2026-02-13 22:40:07.860104: I tensorflow/core/util/port.cc:153] oneDNN custom operations are on. You may see slightly different numerical results due to floating-point round-off errors from different computation orders. To turn them off, set the environment variable `TF_ENABLE_ONEDNN_OPTS=0`.
2026-02-13 22:40:07.870194: E external/local_xla/xla/stream_executor/cuda/cuda_fft.cc:477] Unable to register cuFFT factory: Attempting to register factory for plugin cuFFT when one has already been registered
E0000 00:00:1771002607.881507  260965 cuda_dnn.cc:8310] Unable to register cuDNN factory: Attempting to register factory for plugin cuDNN when one has already been registered
E0000 00:00:1771002607.885278  260965 cuda_blas.cc:1418] Unable to register cuBLAS factory: Attempting to register factory for plugin cuBLAS when one has already been registered
2026-02-13 22:40:07.896977: I tensorflow/core/platform/cpu_feature_guard.cc:210] This TensorFlow binary is optimized to use available CPU instr

GPU available: [PhysicalDevice(name='/physical_device:GPU:0', device_type='GPU')]


In [2]:
data=pd.read_csv('Churn_Modelling.csv')
data = data.drop(['RowNumber', 'CustomerId', 'Surname'], axis=1)

label_encoder_gender = LabelEncoder()
data['Gender'] = label_encoder_gender.fit_transform(data['Gender'])

onehot_encoder_geo = OneHotEncoder(handle_unknown='ignore')
geo_encoded = onehot_encoder_geo.fit_transform(data[['Geography']]).toarray()
geo_encoded_df = pd.DataFrame(geo_encoded, columns=onehot_encoder_geo.get_feature_names_out(['Geography']))

data = pd.concat([data.drop('Geography', axis=1), geo_encoded_df], axis=1)

X = data.drop('Exited', axis=1)
y = data['Exited']

X_train, X_test, y_train, y_test = train_test_split(X, y, test_size=0.2, random_state=42)

scaler = StandardScaler()
X_train = scaler.fit_transform(X_train)
X_test = scaler.transform(X_test)

# # Save encoders and scaler for later use
# with open('label_encoder_gender.pkl', 'wb') as file:
#     pickle.dump(label_encoder_gender, file)

# with open('onehot_encoder_geo.pkl', 'wb') as file:
#     pickle.dump(onehot_encoder_geo, file)

# with open('scaler.pkl', 'wb') as file:
#     pickle.dump(scaler, file)

In [3]:
## Define a function to create the model and try different parameters(KerasClassifier)

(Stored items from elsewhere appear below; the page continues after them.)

(* Let $\rho=(r,U)$ be a universally quantified rule, let $(\pi\colon L\to\overline L,\gamma\colon\overline L\rightharpoonup\overline R)$ be an instantiation of $\rho$, let $u\in U$ and let $(\pi,\gamma)\oplus u=(p_u'\circ\pi,\eta)$ with $\eta\colon\overline L_u\rightharpoonup\overline R_u$. Then there exist subgraph morphisms $\mu_u'\colon\overline L_u\rightharpoonup\overline L$ and $\mu_u''\colon\overline R_u\rightharpoonup\overline R$ such that $\gamma\circ\mu_u'=\mu_u''\circ\eta$.
   Context: Fix a finite label set $\Lambda$ with arity function $\mathrm{ar}\colon\Lambda\to\mathbb N$. A (hyper)graph $G=(V_G,E_G,c_G,l_G)$ consists of finite sets $V_G$ (nodes) and $E_G$ (edges), a connection function $c_G\colon E_G\to V_G^*$ and a labelling $l_G\colon E_G\to\Lambda$ with $|c_G(e)|=\mathrm{ar}(l_G(e))$; an edge $e$ is incident to a node $v$ if $v$ occurs in $c_G(e)$. A morphism $\phi\colon G\rightharpoonup G'$ is a pair of partial functions $\phi_V,\phi_E$ such that whenever $\phi_E(e)$ is defined, $\phi_V$ is defined on all nodes incident to $e$, $l_{G'}(\phi_E(e))=l_G(e)$ and $\phi_V(c_G(e))=c_{G'}(\phi_E(e))$. "Total" means defined everywhere. Pushouts are taken in the category of graphs and partial morphisms (always exist, unique up to isomorphism; concretely: quotient of $G_1\sqcup G_2$ by the smallest equivalence identifying $\phi(x)$ and $\psi(x)$ for $x\in G_0$, dropping classes containing the image of an $x\in G_0$ on which $\phi$ or $\psi$ is undefined and edge classes incident to dropped node classes). A subgraph morphism is a morphism that is injective and surjective (as partial functions on nodes and edges). A universally quantified rule is $\rho=(r,U)$ with $r\colon L\rightharpoonup R$ and $U$ a finite set of pairs $u=(p_u,q_u)$, $p_u\colon L\to L_u$ total injective, $q_u\colon L_u\rightharpoonup R_u$, such that for every $x\in L$, $q_u(p_u(x))$ is defined and has exactly one preimage under $q_u$; $Q(u)$ is the set of $v\in V_L$ such that some edge incident to $p_u(v)$ has no preimage under $p_u$, required nonempty. Instantiations $(\pi\colon L\to\overline L$ total injective, $\gamma\colon\overline L\rightharpoonup\overline R)$ are defined recursively: $(\mathrm{id}_L,r)$ is one (length 0); if $(\pi,\gamma)$ is one of length $n$ and $u\in U$, let $\overline L_u$ with $p_u'\colon\overline L\to\overline L_u$, $\pi'\colon L_u\to\overline L_u$ be the pushout of $\pi,p_u$, let $\overline R_u$ with $\alpha\colon\overline R\rightharpoonup\overline R_u$, $\beta\colon R_u\rightharpoonup\overline R_u$ be the pushout of $\gamma\circ\pi$ and $q_u\circ p_u$, and $\eta\colon\overline L_u\rightharpoonup\overline R_u$ the unique morphism with $\eta\circ p_u'=\alpha\circ\gamma$, $\eta\circ\pi'=\beta\circ q_u$; then $(\pi,\gamma)\oplus u:=(p_u'\circ\pi,\eta)$ is an instantiation of length $n+1$. *)

theory Defs
  imports Main
begin

text \<open>Hypergraphs over a finite label type 'l with arity function ar.
  Nodes and edges are drawn from nat (every finite graph is isomorphic to one of these).\<close>

record 'l hgraph =
  gV :: "nat set"
  gE :: "nat set"
  gc :: "nat \<Rightarrow> nat list"
  gl :: "nat \<Rightarrow> 'l"

definition is_graph :: "('l::finite \<Rightarrow> nat) \<Rightarrow> 'l hgraph \<Rightarrow> bool" where
  "is_graph ar G \<longleftrightarrow> finite (gV G) \<and> finite (gE G) \<and>
     (\<forall>e\<in>gE G. set (gc G e) \<subseteq> gV G \<and> length (gc G e) = ar (gl G e))"

record morph =
  mV :: "nat \<rightharpoonup> nat"
  mE :: "nat \<rightharpoonup> nat"

definition is_morph :: "'l hgraph \<Rightarrow> 'l hgraph \<Rightarrow> morph \<Rightarrow> bool" where
  "is_morph G G' f \<longleftrightarrow>
     dom (mV f) \<subseteq> gV G \<and> dom (mE f) \<subseteq> gE G \<and>
     (\<forall>v y. mV f v = Some y \<longrightarrow> y \<in> gV G') \<and>
     (\<forall>e e'. mE f e = Some e' \<longrightarrow>
        e' \<in> gE G' \<and> set (gc G e) \<subseteq> dom (mV f) \<and> gl G' e' = gl G e \<and>
        map (\<lambda>v. the (mV f v)) (gc G e) = gc G' e')"

definition mcomp :: "morph \<Rightarrow> morph \<Rightarrow> morph" (infixl "\<circ>\<^sub>m" 55) where
  "g \<circ>\<^sub>m f = \<lparr>mV = mV g \<circ>\<^sub>m mV f, mE = mE g \<circ>\<^sub>m mE f\<rparr>"

definition mid :: "'l hgraph \<Rightarrow> morph" where
  "mid G = \<lparr>mV = (\<lambda>v. if v \<in> gV G then Some v else None),
            mE = (\<lambda>e. if e \<in> gE G then Some e else None)\<rparr>"

definition is_total :: "'l hgraph \<Rightarrow> morph \<Rightarrow> bool" where
  "is_total G f \<longleftrightarrow> dom (mV f) = gV G \<and> dom (mE f) = gE G"

definition is_injective :: "morph \<Rightarrow> bool" where
  "is_injective f \<longleftrightarrow> inj_on (mV f) (dom (mV f)) \<and> inj_on (mE f) (dom (mE f))"

definition is_surjective :: "'l hgraph \<Rightarrow> morph \<Rightarrow> bool" where
  "is_surjective G' f \<longleftrightarrow> ran (mV f) = gV G' \<and> ran (mE f) = gE G'"

definition subgraph_morph :: "'l hgraph \<Rightarrow> 'l hgraph \<Rightarrow> morph \<Rightarrow> bool" where
  "subgraph_morph G G' f \<longleftrightarrow> is_morph G G' f \<and> is_injective f \<and> is_surjective G' f"

definition is_pushout ::
  "('l::finite \<Rightarrow> nat) \<Rightarrow> 'l hgraph \<Rightarrow> 'l hgraph \<Rightarrow> 'l hgraph \<Rightarrow> morph \<Rightarrow> morph \<Rightarrow>
   'l hgraph \<Rightarrow> morph \<Rightarrow> morph \<Rightarrow> bool" where
  "is_pushout ar G0 G1 G2 phi psi G3 phi' psi' \<longleftrightarrow>
     is_graph ar G3 \<and> is_morph G1 G3 phi' \<and> is_morph G2 G3 psi' \<and>
     phi' \<circ>\<^sub>m phi = psi' \<circ>\<^sub>m psi \<and>
     (\<forall>H a b. is_graph ar H \<and> is_morph G1 H a \<and> is_morph G2 H b \<and> a \<circ>\<^sub>m phi = b \<circ>\<^sub>m psi \<longrightarrow>
        (\<exists>!h. is_morph G3 H h \<and> h \<circ>\<^sub>m phi' = a \<and> h \<circ>\<^sub>m psi' = b))"

text \<open>A universally quantified rule: (L, R, r, U); each u in U is (L_u, p_u, R_u, q_u).\<close>
type_synonym 'l urule =
  "'l hgraph \<times> 'l hgraph \<times> morph \<times> ('l hgraph \<times> morph \<times> 'l hgraph \<times> morph) set"

definition Qset :: "'l hgraph \<Rightarrow> 'l hgraph \<Rightarrow> morph \<Rightarrow> nat set" where
  "Qset L Lu p = {v \<in> gV L. \<exists>e\<in>gE Lu. e \<notin> ran (mE p) \<and>
        (\<exists>v'. mV p v = Some v' \<and> v' \<in> set (gc Lu e))}"

definition is_urule :: "('l::finite \<Rightarrow> nat) \<Rightarrow> 'l urule \<Rightarrow> bool" where
  "is_urule ar \<rho> \<longleftrightarrow> (case \<rho> of (L, R, r, U) \<Rightarrow>
     is_graph ar L \<and> is_graph ar R \<and> is_morph L R r \<and> finite U \<and>
     (\<forall>(Lu, p, Ru, q) \<in> U.
        is_graph ar Lu \<and> is_graph ar Ru \<and>
        is_morph L Lu p \<and> is_total L p \<and> is_injective p \<and> is_morph Lu Ru q \<and>
        (\<forall>x\<in>gV L. \<forall>x'. mV p x = Some x' \<longrightarrow>
            (\<exists>y. mV q x' = Some y \<and> (\<forall>z. mV q z = Some y \<longrightarrow> z = x'))) \<and>
        (\<forall>x\<in>gE L. \<forall>x'. mE p x = Some x' \<longrightarrow>
            (\<exists>y. mE q x' = Some y \<and> (\<forall>z. mE q z = Some y \<longrightarrow> z = x'))) \<and>
        Qset L Lu p \<noteq> {}))"

text \<open>One extension step (\<pi>,\<gamma>) \<oplus> u, with arbitrary choice of the two pushouts:
  (Lb, pi, Rb, gamma) \<oplus> (Lu, p, Ru, q) yields (Lbu, p' \<circ> pi, Rbu, eta).\<close>
definition oplus_step ::
  "('l::finite \<Rightarrow> nat) \<Rightarrow> 'l hgraph \<Rightarrow>
   ('l hgraph \<times> morph \<times> 'l hgraph \<times> morph) \<Rightarrow>
   ('l hgraph \<times> morph \<times> 'l hgraph \<times> morph) \<Rightarrow>
   ('l hgraph \<times> morph \<times> 'l hgraph \<times> morph) \<Rightarrow> bool" where
  "oplus_step ar L inst u res \<longleftrightarrow>
    (case inst of (Lb, pi, Rb, gamma) \<Rightarrow> case u of (Lu, p, Ru, q) \<Rightarrow>
     case res of (Lbu, pinew, Rbu, eta) \<Rightarrow>
     (\<exists>p' pi' alpha beta.
        is_pushout ar L Lb Lu pi p Lbu p' pi' \<and>
        is_pushout ar L Rb Ru (gamma \<circ>\<^sub>m pi) (q \<circ>\<^sub>m p) Rbu alpha beta \<and>
        is_morph Lbu Rbu eta \<and>
        eta \<circ>\<^sub>m p' = alpha \<circ>\<^sub>m gamma \<and> eta \<circ>\<^sub>m pi' = beta \<circ>\<^sub>m q \<and>
        pinew = p' \<circ>\<^sub>m pi))"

def create_model(neurons=32, layers=1, meta=None, compile_kwargs=None):
    # Clear previous models from GPU memory
    tf.keras.backend.clear_session()
    
    model = Sequential()
    model.add(Dense(neurons, activation='relu', input_shape=(12,)))  # 12 features

    for _ in range(layers - 1):  # hidden layers
        model.add(Dense(neurons, activation='relu'))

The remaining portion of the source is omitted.